* _Recorded data_
lemma uncountable_covered_subset:
  assumes extend: "\<And>X. countable X \<Longrightarrow> X \<subseteq> S \<Longrightarrow> covered_by (X \<times> X) F \<Longrightarrow>
    \<exists>z\<in>S - X. covered_by (insert z X \<times> insert z X) F"
  shows "\<exists>X\<subseteq>S. uncountable X \<and> covered_by (X \<times> X) F"
proof -
  define A where "A = {X. X \<subseteq> S \<and> covered_by (X \<times> X) F}"
  have "\<Union>C \<in> A" if C: "C \<in> chains A" for C
  proof -
    have "\<exists>f\<in>F. y = f x \<or> x = f y" if xy: "x \<in> \<Union>C" "y \<in> \<Union>C" for x y
    proof -
      obtain X Y where XY: "X \<in> C" "Y \<in> C" "x \<in> X" "y \<in> Y"
        using xy by blast
      then have "X \<subseteq> Y \<or> Y \<subseteq> X" "X \<in> A" "Y \<in> A"
        using C unfolding chains_def chain_subset_def by auto
      then show ?thesis using XY unfolding A_def covered_by_def by blast
    qed
    moreover have "\<Union>C \<subseteq> S" using C unfolding chains_def A_def by blast
    ultimately show ?thesis unfolding A_def covered_by_def by blast
  qed
  then obtain M where "M \<in> A" and maximal: "\<forall>X\<in>A. M \<subseteq> X \<longrightarrow> X = M"
    using Zorn_Lemma by blast
  moreover have "uncountable M"
  proof
    assume "countable M"
    then obtain z where "z \<in> S - M" "covered_by (insert z M \<times> insert z M) F"
      using extend \<open>M \<in> A\<close> unfolding A_def by blast
    then show False using maximal \<open>M \<in> A\<close> unfolding A_def by blast
  qed
  ultimately show ?thesis unfolding A_def by blast
qed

* _Your task_
Print all of the lines above so that each one matches its original exactly.

* _Response for this exercise_
lemma uncountable_covered_subset:
  assumes extend: "\<And>X. countable X \<Longrightarrow> X \<subseteq> S \<Longrightarrow> covered_by (X \<times> X) F \<Longrightarrow>
    \<exists>z\<in>S - X. covered_by (insert z X \<times> insert z X) F"
  shows "\<exists>X\<subseteq>S. uncountable X \<and> covered_by (X \<times> X) F"
proof -
  define A where "A = {X. X \<subseteq> S \<and> covered_by (X \<times> X) F}"
  have "\<Union>C \<in> A" if C: "C \<in> chains A" for C
  proof -
    have "\<exists>f\<in>F. y = f x \<or> x = f y" if xy: "x \<in> \<Union>C" "y \<in> \<Union>C" for x y
    proof -
      obtain X Y where XY: "X \<in> C" "Y \<in> C" "x \<in> X" "y \<in> Y"
        using xy by blast
      then have "X \<subseteq> Y \<or> Y \<subseteq> X" "X \<in> A" "Y \<in> A"
        using C unfolding chains_def chain_subset_def by auto
      then show ?thesis using XY unfolding A_def covered_by_def by blast
    qed
    moreover have "\<Union>C \<subseteq> S" using C unfolding chains_def A_def by blast
    ultimately show ?thesis unfolding A_def covered_by_def by blast
  qed
  then obtain M where "M \<in> A" and maximal: "\<forall>X\<in>A. M \<subseteq> X \<longrightarrow> X = M"
    using Zorn_Lemma by blast
  moreover have "uncountable M"
  proof
    assume "countable M"
    then obtain z where "z \<in> S - M" "covered_by (insert z M \<times> insert z M) F"
      using extend \<open>M \<in> A\<close> unfolding A_def by blast
    then show False using maximal \<open>M \<in> A\<close> unfolding A_def by blast
  qed
  ultimately show ?thesis unfolding A_def by blast
qed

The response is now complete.